Note: If you face any of these signs, test your motherboard with a multimeter.  

How To Test Motherboard With A Multimeter?

I only used a multimeter with probes and a screwdriver to conduct this test. First, I checked my motherboard for any short circuits and then proceeded to voltage assessment. 

For Short Circuit

If your multimeter reads 50 Ohms or above, the motherboard is functioning properly. However, a reading below 50 Ohms indicates a short circuit. I conducted further testing to identify additional faults.

  1. Power Off PC: Switch your computer off and unplug it from the power source > Wait at least 10 minutes.
  2. Set Multimeter: Adjust your multimeter to the lowest setting, 200 Ohms > Connect both wires to bring the meter to zero.
  3. Remove Motherboard: Take the motherboard out of your system > Remove the ATX connector.
  4. Connect Multimeter To Case: Connect your multimeter’s black probe to the computer case whilst connecting the red probe to the ground pin of the PSU’s AC.
  5. Connect Multimeter To Motherboard: The multimeter should give you a reading of zero. Connect the red probe to colored motherboard wires without removing the black probe from the computer case.

PSU Pins Resistance Test

Refer to the ATX 20-pin chart attached below, which displays 20-pin and 24-pin connectors. It should help make things clearer on your end.

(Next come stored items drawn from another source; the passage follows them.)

lemma cspan_scaleC:
  assumes "x \<in> cspan S"
  shows "scaleC a x \<in> cspan S"
proof -
  obtain F c where F: "finite F" "F \<subseteq> S" "x = (\<Sum>v\<in>F. scaleC (c v) v)"
    using assms by (rule cspanE)
  then have "scaleC a x = (\<Sum>v\<in>F. scaleC (a * c v) v)"
    by (simp add: scaleC_sum_right scaleC_scaleC)
  also have "\<dots> \<in> cspan S" by (rule cspanI[OF F(1,2)])
  finally show ?thesis .
qed

lemma cspan_subset:
  assumes W: "closed_csubspace W" and S: "S \<subseteq> W"
  shows "cspan S \<subseteq> W"
proof
  fix x assume "x \<in> cspan S"
  then obtain F c where F: "F \<subseteq> S" "x = (\<Sum>v\<in>F. scaleC (c v) v)" by (rule cspanE)
  show "x \<in> W"
    unfolding F(2) by (rule closed_csubspace_sum[OF W]) (use F(1) S closed_csubspace_scaleC[OF W] in blast)
qed

lemma closed_csubspace_closure_cspan: "closed_csubspace (closure (cspan S))"
proof (rule closed_csubspace_closure)
  show "0 \<in> cspan S" unfolding cspan_def by (rule CollectI, rule exI[of _ "{}"]) auto
qed (simp_all add: cspan_add cspan_scaleC)

lemma closure_cspan_subset:
  "closed_csubspace W \<Longrightarrow> S \<subseteq> W \<Longrightarrow> closure (cspan S) \<subseteq> W"
  by (rule closure_minimal[OF cspan_subset closed_csubspace_closed])

lemma subset_closure_cspan: "S \<subseteq> closure (cspan S)"
  using cspan_base closure_subset by blast

lemma closure_cspan_invariant:
  assumes T: "bounded_clinear T" and inv: "\<And>x. x \<in> S \<Longrightarrow> T x \<in> S"
    and x: "x \<in> closure (cspan S)"
  shows "T x \<in> closure (cspan S)"
proof -
  have "S \<subseteq> {x. T x \<in> closure (cspan S)}" using inv subset_closure_cspan by blast
  then have "closure (cspan S) \<subseteq> {x. T x \<in> closure (cspan S)}"
    by (rule closure_cspan_subset[OF closed_csubspace_vimage[OF T closed_csubspace_closure_cspan]])
  then show ?thesis using x by blast
qed

lemma closure_cspan_empty: "closure (cspan {}) = {0::'a::complex_hilbert}"
proof -
  have "closed_csubspace {0::'a}" by (simp add: closed_csubspace_def)
  then show ?thesis
    using closure_cspan_subset[of "{0::'a}" "{}"] closed_csubspace_zero[OF closed_csubspace_closure_cspan]
    by blast
qed
(* Let $W:\mathbb R\to\mathbb R$ be odd and continuously differentiable with $W'(0)>0$ and $W(x)>0$ for all $x>0$. Let $g\ge0$ be a (sufficiently regular, sufficiently fast decaying) solution of $\partial_tg=\partial_x\big((W*g)g\big)$ on $[0,\infty)\times\mathbb R$, where $(W*g)(x)=\int_{\mathbb R}W(x-y)g(y)dy$, with $\operatorname{supp}g(0,\cdot)\subset[a,b]$. Then $\operatorname{supp}g(t,\cdot)\subset[a,b]$ for all $t>0$, and, with $m=\|g(0,\cdot)\|_1$ and $c$ defined by $mc=\int_{\mathbb R}xg(0,x)dx$, $$\lim_{t\to\infty}\int_{\mathbb R}h(x)g(t,x)\,dx=m\,h(c)$$ for every twice continuously differentiable $h:\mathbb R\to\mathbb R$. *)

theory Defs
  imports "HOL-Analysis.Analysis"
begin

definition conv_W :: "(real \<Rightarrow> real) \<Rightarrow> (real \<Rightarrow> real) \<Rightarrow> real \<Rightarrow> real" where
  "conv_W W f x = integral UNIV (\<lambda>y. W (x - y) * f y)"

end

theory Submission
  imports Defs "HOL-Real_Asymp.Real_Asymp"
begin

(* The whole argument is driven by the weak formulation: for a test function phi,
     d/dt  Int phi g_t  =  -1/2  Int Int (phi' x - phi' y) W(x - y) g_t(x) g_t(y) dx dy,
   obtained by differentiating under the integral, integrating the flux by parts, and
   symmetrising with the oddness of W.  Since (phi' x - phi' y) W(x - y) >= 0 whenever phi' is
   monotone, such moments are non-increasing; affine phi gives conservation of mass m and of
   the centre of mass c, and phi = ((x - b)_+)^2, ((a - x)_+)^2 confines the support to [a,b].
   On [a,b] - [a,b] the kernel is coercive, z W(z) >= kappa z^2, so the inertia
   I(t) = Int (x - c)^2 g_t satisfies I' <= -2 kappa m I and decays exponentially (Gronwall).
   A second-order Taylor bound |h x - h c - h'(c)(x - c)| <= M (x - c)^2 finally gives
   |Int h g_t - m h(c)| <= M I(t) -> 0. *)

text \<open>The continuous
  extension of \<open>W z / z\<close> by \<open>W' 0\<close> attains a positive minimum on \<open>[0, L]\<close>.\<close>
lemma odd_kernel_coercive:
  fixes W :: "real \<Rightarrow> real"
  assumes W_odd: "\<And>x. W (- x) = - W x"
    and W_diff: "\<And>x. W differentiable (at x)"
    and W'_pos: "deriv W 0 > 0"
    and W_pos: "\<And>x. x > 0 \<Longrightarrow> W x > 0"
    and L: "0 \<le> L"
  obtains \<kappa> where "\<kappa> > 0" "\<And>z. \<bar>z\<bar> \<le> L \<Longrightarrow> \<kappa> * z\<^sup>2 \<le> z * W z"
proof -
  define q where "q z = (if z = 0 then deriv W 0 else W z / z)" for z
  have W0: "W 0 = 0" using W_odd[of 0] by simp
  have q_cont: "isCont q z" for z
  proof (cases "z = 0")
    case True
    have "(W has_real_derivative deriv W 0) (at 0)"
      using W_diff[of 0] by (simp add: DERIV_deriv_iff_real_differentiable)
    then have "((\<lambda>y. W y / y) \<longlongrightarrow> q 0) (at 0)"
      using W0 by (simp add: has_field_derivative_iff q_def)
    then have "(q \<longlongrightarrow> q 0) (at 0)"
      by (rule tendsto_cong[THEN iffD1, rotated]) (auto simp: q_def eventually_at_filter)
    then show ?thesis using True by (simp add: isCont_def)
  next
    case False
    have cont: "isCont (\<lambda>y. W y / y) z"
      using W_diff[of z] False by (auto intro!: continuous_intros differentiable_imp_continuous_within)
    have "\<forall>\<^sub>F y in nhds z. y \<noteq> 0"
      using False by (simp add: t1_space_nhds)
    then have "\<forall>\<^sub>F y in nhds z. W y / y = q y"
      by eventually_elim (simp add: q_def)
    then show ?thesis using cont isCont_cong by metis
  qed
  obtain z0 where z0: "z0 \<in> {0..L}" "\<And>z. z \<in> {0..L} \<Longrightarrow> q z0 \<le> q z"
    using continuous_attains_inf[of "{0..L}" q] L q_cont by (auto simp: continuous_at_imp_continuous_on)
  have q_pos: "q z0 > 0" using W_pos[of z0] W'_pos z0(1) by (auto simp: q_def)
  have right: "q z0 * z\<^sup>2 \<le> z * W z" if "0 \<le> z" "z \<le> L" for z
  proof (cases "z = 0")
    case False
    have "q z0 * z\<^sup>2 \<le> W z / z * z\<^sup>2"
      using z0(2)[of z] that False by (intro mult_right_mono) (auto simp: q_def)
    also have "\<dots> = z * W z" using False by (simp add: power2_eq_square)
    finally show ?thesis .
  qed simp
  show thesis
  proof (rule that[OF q_pos])
    fix z :: real assume "\<bar>z\<bar> \<le> L"
    then show "q z0 * z\<^sup>2 \<le> z * W z"
      using right[of z] right[of "- z"] W_odd[of z] by (cases "z \<ge> 0") auto
  qed
qed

the ATX 20-pin chart to test motherboard with a multimeter
ATX 20-Pin Chart (Image By Instructables)

Run a test on the ground connector pins. These are also labeled as COM:

  1. Connect The Probes: Connect the black probe to the computer case metal > Connect the red probe to the black pin slot. The pins are also labeled as 3, 5, 7, 13, 15, 16, 17, 18, 19, 24.
  2. Verify The Reading: Check the multimeter. It should display the reading of 0 Ohms from every black slot pin.

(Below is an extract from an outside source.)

(* Let $\Delta$ be a finite domain, $\mathcal{L}$ a first-order language, $R$ a binary and $A$ a unary predicate of $\mathcal{L}$, $k$ an integer with $0\le k\le|\Delta|$, $\Gamma$ a first-order sentence over $\mathcal{L}$, and $\Upsilon$ a conjunction (over $\mathcal{L}$) of constraints of the forms $\forall x\,\exists_{=c}y:\psi(x,y)$, $\exists_{=c}x\,\forall y:\psi(x,y)$ and cardinality constraints. Let $U^R$ (unary) and $B^R$ (binary) be new predicates not in $\mathcal{L}$, with all their weights equal to $1$, and let $\Omega_{\mathrm{ext}}$ be the set of possible worlds on $\Delta$ w.r.t. $\mathcal{L}$ extended by $U^R,B^R$. Define $\Phi=\Phi_1\wedge\Phi_2\wedge\Phi_3\wedge\Phi_4$ with $\Phi_1=\forall x\,\exists_{=k}y:B^R(x,y)$, $\Phi_2=(|U^R|=k)$, $\Phi_3=\forall x\forall y:(A(x)\wedge B^R(x,y))\Rightarrow U^R(y)$, $\Phi_4=\forall x\forall y:\neg A(x)\Rightarrow(R(x,y)\Leftrightarrow B^R(x,y))$. Then for all weight functions $w,\overline{w}$, $$\mathrm{WFOMC}\big(\Gamma\wedge\Upsilon\wedge(\forall x:A(x)\vee(\exists_{=k}y:R(x,y))),w,\overline{w},\Delta\big)=\binom{|\Delta|}{k}^{-1}\mathrm{WFOMC}(\Gamma\wedge\Upsilon\wedge\Phi,w,\overline{w},\Omega_{\mathrm{ext}}),$$ where the left-hand side is taken over all possible worlds on $\Delta$ w.r.t. $\mathcal{L}$.
   Context: A possible world on $\Delta$ is a set of ground atoms over the language's predicates and $\Delta$. $N(R,\omega)$ is the number of ground atoms of $R$ true in $\omega$. For a set $\Omega$ of possible worlds, $\mathrm{WFOMC}(\Gamma,w,\overline{w},\Omega)=\sum_{\omega\in\Omega,\,\omega\models\Gamma}\prod_{R} w(R)^{N(R,\omega)}\overline{w}(R)^{|\Delta|^{\mathrm{arity}(R)}-N(R,\omega)}$, the product ranging over the predicates of the language of $\Omega$; $\mathrm{WFOMC}(\cdot,\cdot,\cdot,\Delta)$ uses all possible worlds on $\Delta$. A cardinality constraint $|S|=c$ holds iff $N(S,\omega)=c$. $\exists_{=k}y\,\psi(y)$ holds iff exactly $k$ distinct elements of $\Delta$ satisfy $\psi$. *)

theory Defs
  imports Complex_Main
begin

If the multimeter displays a value other than 0, it suggests a potential short circuit within your PSU. When testing colored slots, expect a minimum reading of 50 Ohms. If the reading is lower, it could be a reason for your motherboard issues. Consider replacing the motherboard or power supply unit.

For Voltage

The multimeter is a versatile tool for voltage testing and assessing whether your motherboard functions correctly by verifying the proper voltage supply through the power connector. Follow the given steps to carry out this test.

Important: Voltage can only be tested when the current is circulating through your device. Therefore, turn on your computer’s power supply.
  1. Connect The Components: Take your PSU and 20-pin connector and connect them.
  2. Adjust DC Voltage: Set the DC voltage range to 20 on the multimeter dial. On the multimeter, DC voltage is either identified as DVC or V-.
  3. Place Probes: Put the black probes in the connector’s ground pins (You may switch between these to test all of them) > Put the red probes on pins 8, 9, and 14.

Pin 8 should supply power of more than 2.5V to turn your computer on. After pressing the reset button, 2.5V should drop to 0V, then jump back to 2.5V. The multimeter should give pin 9 a value of 5 and pin 14 a value between 3-5V. The pin 14 value should also drop to 0V when switching on the computer.

WARNING: If the multimeter doesn’t provide the expected readings, it suggests a fault in the PSU pins. In such cases, replacing the PSU pins is necessary.

What Might Cause Issues In The Motherboard?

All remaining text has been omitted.